■ Raw data

══════════════════════════════

(* Let $F,W,r,\sigma_0^2,\eta,P_c,P_{\max}>0$ and $\alpha>0$. Consider the problem \[ \min_{P_t}\ \frac{F}{W\log_2\!\left(1+\frac{P_t r^{-\alpha}}{\sigma_0^2}\right)}\left(\frac{1}{\eta}P_t+P_c\right)\quad\text{s.t.}\quad 0<P_t\le P_{\max}. \] Denote $y=1+P_t\frac{r^{-\alpha}}{\sigma_0^2}$, $y_0=1+P_{\max}\frac{r^{-\alpha}}{\sigma_0^2}$, and $\varepsilon=\frac{r^{-\alpha}\eta P_c}{\sigma_0^2}-1$. If $\left(\frac{y_0}{e}\right)^{y_0}<2^{\varepsilon/\ln 2}$, then the optimal solution is $P_t^*=P_{\max}$. Otherwise, the optimal solution $P_t^*$ satisfies $\left(\frac{y}{e}\right)^{y}=2^{\varepsilon/\ln 2}$ with $y=1+P_t^*\frac{r^{-\alpha}}{\sigma_0^2}$.
   Context: Interpretation: the objective is the (approximate) energy consumed by a D2D transmitter to send a file of $F$ bits over a link of distance $r$ with bandwidth $W$, path-loss exponent $\alpha$, noise-plus-interference variance $\sigma_0^2$, power amplifier efficiency $\eta$, circuit power $P_c$, and transmit power $P_t$ bounded by $P_{\max}$. *)

theory Defs
  imports Complex_Main
begin

definition d2d_energy :: "real \<Rightarrow> real \<Rightarrow> real \<Rightarrow> real \<Rightarrow> real \<Rightarrow> real \<Rightarrow> real \<Rightarrow> real \<Rightarrow> real" where
  "d2d_energy F W r \<alpha> \<sigma>0sq \<eta> Pc Pt =
     F / (W * log 2 (1 + Pt * r powr (-\<alpha>) / \<sigma>0sq)) * (Pt / \<eta> + Pc)"

definition d2d_optimal :: "real \<Rightarrow> real \<Rightarrow> real \<Rightarrow> real \<Rightarrow> real \<Rightarrow> real \<Rightarrow> real \<Rightarrow> real \<Rightarrow> real \<Rightarrow> bool" where
  "d2d_optimal F W r \<alpha> \<sigma>0sq \<eta> Pc Pmax Pt \<longleftrightarrow>
     0 < Pt \<and> Pt \<le> Pmax \<and>
     (\<forall>Q. 0 < Q \<and> Q \<le> Pmax \<longrightarrow>
        d2d_energy F W r \<alpha> \<sigma>0sq \<eta> Pc Pt \<le> d2d_energy F W r \<alpha> \<sigma>0sq \<eta> Pc Q)"

end

theory Submission imports Defs begin

text \<open>With \<open>y = 1 + P\<^sub>t r\<^sup>-\<^sup>\<alpha> / \<sigma>\<^sub>0\<^sup>2\<close> the energy is a positive multiple of
  \<open>g(y) = (y + \<epsilon>) / ln y\<close>, and \<open>g'(y)\<close> has the sign of \<open>\<phi>(y) - \<epsilon>\<close> with \<open>\<phi>(y) = y (ln y - 1)\<close>.
  Since \<open>\<phi>\<close> increases strictly on \<open>[1, \<infinity>)\<close> from \<open>\<phi>(1) = -1 < \<epsilon>\<close>, \<open>g\<close> decreases up to the
  root of \<open>\<phi> = \<epsilon>\<close> and increases afterwards. On the feasible range \<open>(1, y\<^sub>0]\<close> the unique minimiser
  is therefore \<open>y\<^sub>0\<close> if \<open>\<phi>(y\<^sub>0) < \<epsilon>\<close>, and the root otherwise. The stated condition is
  \<open>exp \<phi>(y\<^sub>0) < exp \<epsilon>\<close>.\<close>

lemma x_ln_x_minus_x_less:
  fixes a b :: real
  assumes "1 \<le> a" "a < b"
  shows "a * (ln a - 1) < b * (ln b - 1)"
proof (rule DERIV_pos_imp_increasing_open[OF assms(2)])
  fix x assume "a < x" "x < b"
  then have "((\<lambda>x. x * (ln x - 1)) has_real_derivative ln x) (at x)" "ln x > 0"
    using assms(1) by (auto intro!: derivative_eq_intros)
  then show "\<exists>y. ((\<lambda>x. x * (ln x - 1)) has_real_derivative y) (at x) \<and> y > 0"
    by blast
qed (use assms in \<open>auto intro!: continuous_intros\<close>)

lemma has_real_derivative_ln_ratio:
  fixes e x :: real
  assumes "x > 1"
  shows "((\<lambda>x. (x + e) / ln x) has_real_derivative
           (x * (ln x - 1) - e) / (x * (ln x)\<^sup>2)) (at x)"
  using assms
  by (auto intro!: derivative_eq_intros simp: power2_eq_square field_simps)

lemma ln_ratio_decreasing:
  fixes a b e :: real
  assumes "1 < a" "a < b" "b * (ln b - 1) \<le> e"
  shows "(b + e) / ln b < (a + e) / ln a"
proof (rule DERIV_neg_imp_decreasing_open[OF assms(2)])
  fix x assume x: "a < x" "x < b"
  have "x * (ln x - 1) < e"
    using x_ln_x_minus_x_less[of x b] x assms by linarith
  then have "(x * (ln x - 1) - e) / (x * (ln x)\<^sup>2) < 0"
    using x assms(1) by (intro divide_neg_pos) auto
  then show "\<exists>y. ((\<lambda>x. (x + e) / ln x) has_real_derivative y) (at x) \<and> y < 0"
    using has_real_derivative_ln_ratio[of x e] x assms(1) by force
qed (use assms in \<open>auto intro!: continuous_intros\<close>)

lemma ln_ratio_increasing:
  fixes a b e :: real
  assumes "1 < a" "a < b" "e \<le> a * (ln a - 1)"
  shows "(a + e) / ln a < (b + e) / ln b"
proof (rule DERIV_pos_imp_increasing_open[OF assms(2)])
  fix x assume x: "a < x" "x < b"
  have "e < x * (ln x - 1)"
    using x_ln_x_minus_x_less[of a x] x assms by linarith
  then have "(x * (ln x - 1) - e) / (x * (ln x)\<^sup>2) > 0"
    using x assms(1) by (intro divide_pos_pos) auto
  then show "\<exists>y. ((\<lambda>x. (x + e) / ln x) has_real_derivative y) (at x) \<and> y > 0"
    using has_real_derivative_ln_ratio[of x e] x assms(1) by force
qed (use assms in \<open>auto intro!: continuous_intros\<close>)

lemma ln_ratio_strict_min:
  fixes e m y :: real
  assumes "1 < m" "1 < y" "y \<noteq> m"
    and "y < m \<Longrightarrow> m * (ln m - 1) \<le> e" and "m < y \<Longrightarrow> e \<le> m * (ln m - 1)"
  shows "(m + e) / ln m < (y + e) / ln y"
  using assms ln_ratio_decreasing[of y m e] ln_ratio_increasing[of m y e]
  by (cases "y < m") auto

lemma x_ln_x_minus_x_root:
  fixes b e :: real
  assumes "-1 < e" "e \<le> b * (ln b - 1)" "1 \<le> b"
  obtains y where "1 < y" "y \<le> b" "y * (ln y - 1) = e"
proof -
  have "\<exists>y. 1 \<le> y \<and> y \<le> b \<and> y * (ln y - 1) = e"
    by (rule IVT) (use assms in \<open>auto intro!: continuous_intros\<close>)
  then obtain y where "1 \<le> y" "y \<le> b" "y * (ln y - 1) = e" by blast
  moreover from this have "y \<noteq> 1" using assms(1) by auto
  ultimately show thesis by (intro that) auto
qed

lemma powr_div_exp_self:
  fixes y :: real
  assumes "y > 0"
  shows "(y / exp 1) powr y = exp (y * (ln y - 1))"
  using assms by (simp add: powr_def ln_div algebra_simps)

lemma two_powr_div_ln2: "2 powr (e / ln 2) = exp (e :: real)"
  by (simp add: powr_def)

lemma d2d_energy_eq_ln_ratio:
  fixes F W r \<alpha> \<sigma>0sq \<eta> Pc Q :: real
  assumes "W > 0" "r > 0" "\<sigma>0sq > 0" "\<eta> > 0"
  defines "c \<equiv> r powr (-\<alpha>) / \<sigma>0sq"
  shows "d2d_energy F W r \<alpha> \<sigma>0sq \<eta> Pc Q =
           F * ln 2 / (W * c * \<eta>) * ((1 + Q * c) + (c * \<eta> * Pc - 1)) / ln (1 + Q * c)"
proof (cases "ln (1 + Q * c) = 0")
  case True
  then show ?thesis by (simp add: d2d_energy_def log_def c_def)
next
  case False
  have "c > 0" using assms by (simp add: c_def)
  with False assms show ?thesis by (simp add: d2d_energy_def log_def c_def field_simps)
qed

text \<open>The optimisation variable enters only through \<open>y = 1 + Q c\<close>, an increasing bijection
  from \<open>(0, P\<^sub>m\<^sub>a\<^sub>x]\<close> onto \<open>(1, y\<^sub>0]\<close>, so a strict minimiser of the ratio in \<open>y\<close> is the
  unique optimal power.\<close>

lemma d2d_optimal_iff_ln_ratio_min:
  fixes F W r \<alpha> \<sigma>0sq \<eta> Pc Pmax m :: real
  assumes "F > 0" "W > 0" "r > 0" "\<sigma>0sq > 0" "\<eta> > 0"
  defines "c \<equiv> r powr (-\<alpha>) / \<sigma>0sq"
  defines "\<epsilon> \<equiv> c * \<eta> * Pc - 1"
  assumes "1 < m" "m \<le> 1 + Pmax * c"
    and min: "\<And>y. 1 < y \<Longrightarrow> y \<le> 1 + Pmax * c \<Longrightarrow> y \<noteq> m \<Longrightarrow>
                (m + \<epsilon>) / ln m < (y + \<epsilon>) / ln y"
  shows "d2d_optimal F W r \<alpha> \<sigma>0sq \<eta> Pc Pmax Pt \<longleftrightarrow> 1 + Pt * c = m"
proof -
  have c: "c > 0" using assms by (simp add: c_def)
  define K where "K = F * ln 2 / (W * c * \<eta>)"
  have "K > 0" using assms c by (simp add: K_def)
  have energy: "d2d_energy F W r \<alpha> \<sigma>0sq \<eta> Pc Q = K * ((1 + Q * c + \<epsilon>) / ln (1 + Q * c))" for Q
    using d2d_energy_eq_ln_ratio[OF assms(2-5), of F \<alpha> Pc Q]
    by (simp add: K_def c_def \<epsilon>_def)
  define P where "P = (m - 1) / c"
  have P: "1 + P * c = m" "0 < P" "P \<le> Pmax"
    using c \<open>1 < m\<close> \<open>m \<le> 1 + Pmax * c\<close> by (auto simp: P_def field_simps)
  have less: "d2d_energy F W r \<alpha> \<sigma>0sq \<eta> Pc P < d2d_energy F W r \<alpha> \<sigma>0sq \<eta> Pc Q"
    if "0 < Q" "Q \<le> Pmax" "1 + Q * c \<noteq> m" for Q
    unfolding energy using mult_strict_left_mono[OF min[of "1 + Q * c"] \<open>K > 0\<close>] that c P(1)
    by simp
  show ?thesis
  proof
    assume opt: "d2d_optimal F W r \<alpha> \<sigma>0sq \<eta> Pc Pmax Pt"
    show "1 + Pt * c = m"
      using opt less[of Pt] P unfolding d2d_optimal_def by force
  next
    assume "1 + Pt * c = m"
    then have "Pt = P" using c by (auto simp: P_def field_simps)
    moreover have "d2d_energy F W r \<alpha> \<sigma>0sq \<eta> Pc P \<le> d2d_energy F W r \<alpha> \<sigma>0sq \<eta> Pc Q"
      if "0 < Q" "Q \<le> Pmax" for Q
    proof (cases "1 + Q * c = m")
      case True
      then have "Q = P" using c by (auto simp: P_def field_simps)
      then show ?thesis by simp
    qed (use less that in \<open>auto intro: less_imp_le\<close>)
    ultimately show "d2d_optimal F W r \<alpha> \<sigma>0sq \<eta> Pc Pmax Pt"
      using P unfolding d2d_optimal_def by blast
  qed
qed

theorem proposition2:
  fixes F W r \<alpha> \<sigma>0sq \<eta> Pc Pmax :: real
  assumes "F > 0" "W > 0" "r > 0" "\<sigma>0sq > 0" "\<eta> > 0" "Pc > 0" "Pmax > 0" "\<alpha> > 0"
  defines "y0 \<equiv> 1 + Pmax * r powr (-\<alpha>) / \<sigma>0sq"
      and "\<epsilon> \<equiv> r powr (-\<alpha>) * \<eta> * Pc / \<sigma>0sq - 1"
  shows "((y0 / exp 1) powr y0 < 2 powr (\<epsilon> / ln 2) \<longrightarrow>
            (\<forall>Pt. d2d_optimal F W r \<alpha> \<sigma>0sq \<eta> Pc Pmax Pt \<longleftrightarrow> Pt = Pmax))
       \<and> (\<not> (y0 / exp 1) powr y0 < 2 powr (\<epsilon> / ln 2) \<longrightarrow>
            (\<exists>Pt. d2d_optimal F W r \<alpha> \<sigma>0sq \<eta> Pc Pmax Pt) \<and>
            (\<forall>Pt. d2d_optimal F W r \<alpha> \<sigma>0sq \<eta> Pc Pmax Pt \<longrightarrow>
               (let y = 1 + Pt * r powr (-\<alpha>) / \<sigma>0sq
                in (y / exp 1) powr y = 2 powr (\<epsilon> / ln 2))))"
proof -
  define c where "c = r powr (-\<alpha>) / \<sigma>0sq"
  have c: "c > 0" using assms by (simp add: c_def)
  have y0_c: "y0 = 1 + Pmax * c" and \<epsilon>_c: "\<epsilon> = c * \<eta> * Pc - 1"
    by (simp_all add: y0_def \<epsilon>_def c_def)
  have "y0 > 1" "\<epsilon> > -1" using c assms(5-7) by (simp_all add: y0_c \<epsilon>_c)
  note optimal_iff = d2d_optimal_iff_ln_ratio_min[OF assms(1-5),
      where \<alpha> = \<alpha> and Pc = Pc and Pmax = Pmax, folded c_def, folded \<epsilon>_c y0_c]
  have cond: "(y0 / exp 1) powr y0 < 2 powr (\<epsilon> / ln 2) \<longleftrightarrow> y0 * (ln y0 - 1) < \<epsilon>"
    using \<open>y0 > 1\<close> by (simp add: powr_div_exp_self two_powr_div_ln2)
  have at_boundary: "d2d_optimal F W r \<alpha> \<sigma>0sq \<eta> Pc Pmax Pt \<longleftrightarrow> Pt = Pmax"
    if "y0 * (ln y0 - 1) < \<epsilon>" for Pt
    using optimal_iff[OF \<open>y0 > 1\<close> order_refl ln_ratio_strict_min] that \<open>y0 > 1\<close> c
    by (simp add: y0_c field_simps)
  have interior: "(\<exists>Pt. d2d_optimal F W r \<alpha> \<sigma>0sq \<eta> Pc Pmax Pt) \<and>
            (\<forall>Pt. d2d_optimal F W r \<alpha> \<sigma>0sq \<eta> Pc Pmax Pt \<longrightarrow>
               (let y = 1 + Pt * r powr (-\<alpha>) / \<sigma>0sq in (y / exp 1) powr y = 2 powr (\<epsilon> / ln 2)))"
    if not_boundary: "\<not> y0 * (ln y0 - 1) < \<epsilon>"
  proof -
    obtain ys where "ys > 1" "ys \<le> y0" and root: "ys * (ln ys - 1) = \<epsilon>"
      by (rule x_ln_x_minus_x_root[of \<epsilon> y0]) (use not_boundary \<open>\<epsilon> > -1\<close> \<open>y0 > 1\<close> in auto)
    have ys_optimal_iff: "d2d_optimal F W r \<alpha> \<sigma>0sq \<eta> Pc Pmax Pt \<longleftrightarrow> 1 + Pt * c = ys" for Pt
      using optimal_iff[OF \<open>ys > 1\<close> \<open>ys \<le> y0\<close> ln_ratio_strict_min] \<open>ys > 1\<close> root by simp
    have ys_cond: "(ys / exp 1) powr ys = 2 powr (\<epsilon> / ln 2)"
      using \<open>ys > 1\<close> root by (simp add: powr_div_exp_self two_powr_div_ln2)
    show ?thesis
    proof (intro conjI exI allI impI)
      show "d2d_optimal F W r \<alpha> \<sigma>0sq \<eta> Pc Pmax ((ys - 1) / c)"
        using ys_optimal_iff c by simp
    next
      fix Pt assume "d2d_optimal F W r \<alpha> \<sigma>0sq \<eta> Pc Pmax Pt"
      then have "1 + Pt * c = ys" using ys_optimal_iff by blast
      then show "let y = 1 + Pt * r powr (-\<alpha>) / \<sigma>0sq in (y / exp 1) powr y = 2 powr (\<epsilon> / ln 2)"
        using ys_cond by (simp add: c_def Let_def)
    qed
  qed
  show ?thesis using cond at_boundary interior by blast
qed

end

══════════════════════════════

From the line containing "using ys_optimal_iff c by simp" through the closing line of the material above, return every line exactly and omit all others.

■ Answer to this task
        using ys_optimal_iff c by simp
    next
      fix Pt assume "d2d_optimal F W r \<alpha> \<sigma>0sq \<eta> Pc Pmax Pt"
      then have "1 + Pt * c = ys" using ys_optimal_iff by blast
      then show "let y = 1 + Pt * r powr (-\<alpha>) / \<sigma>0sq in (y / exp 1) powr y = 2 powr (\<epsilon> / ln 2)"
        using ys_cond by (simp add: c_def Let_def)
    qed
  qed
  show ?thesis using cond at_boundary interior by blast
qed

end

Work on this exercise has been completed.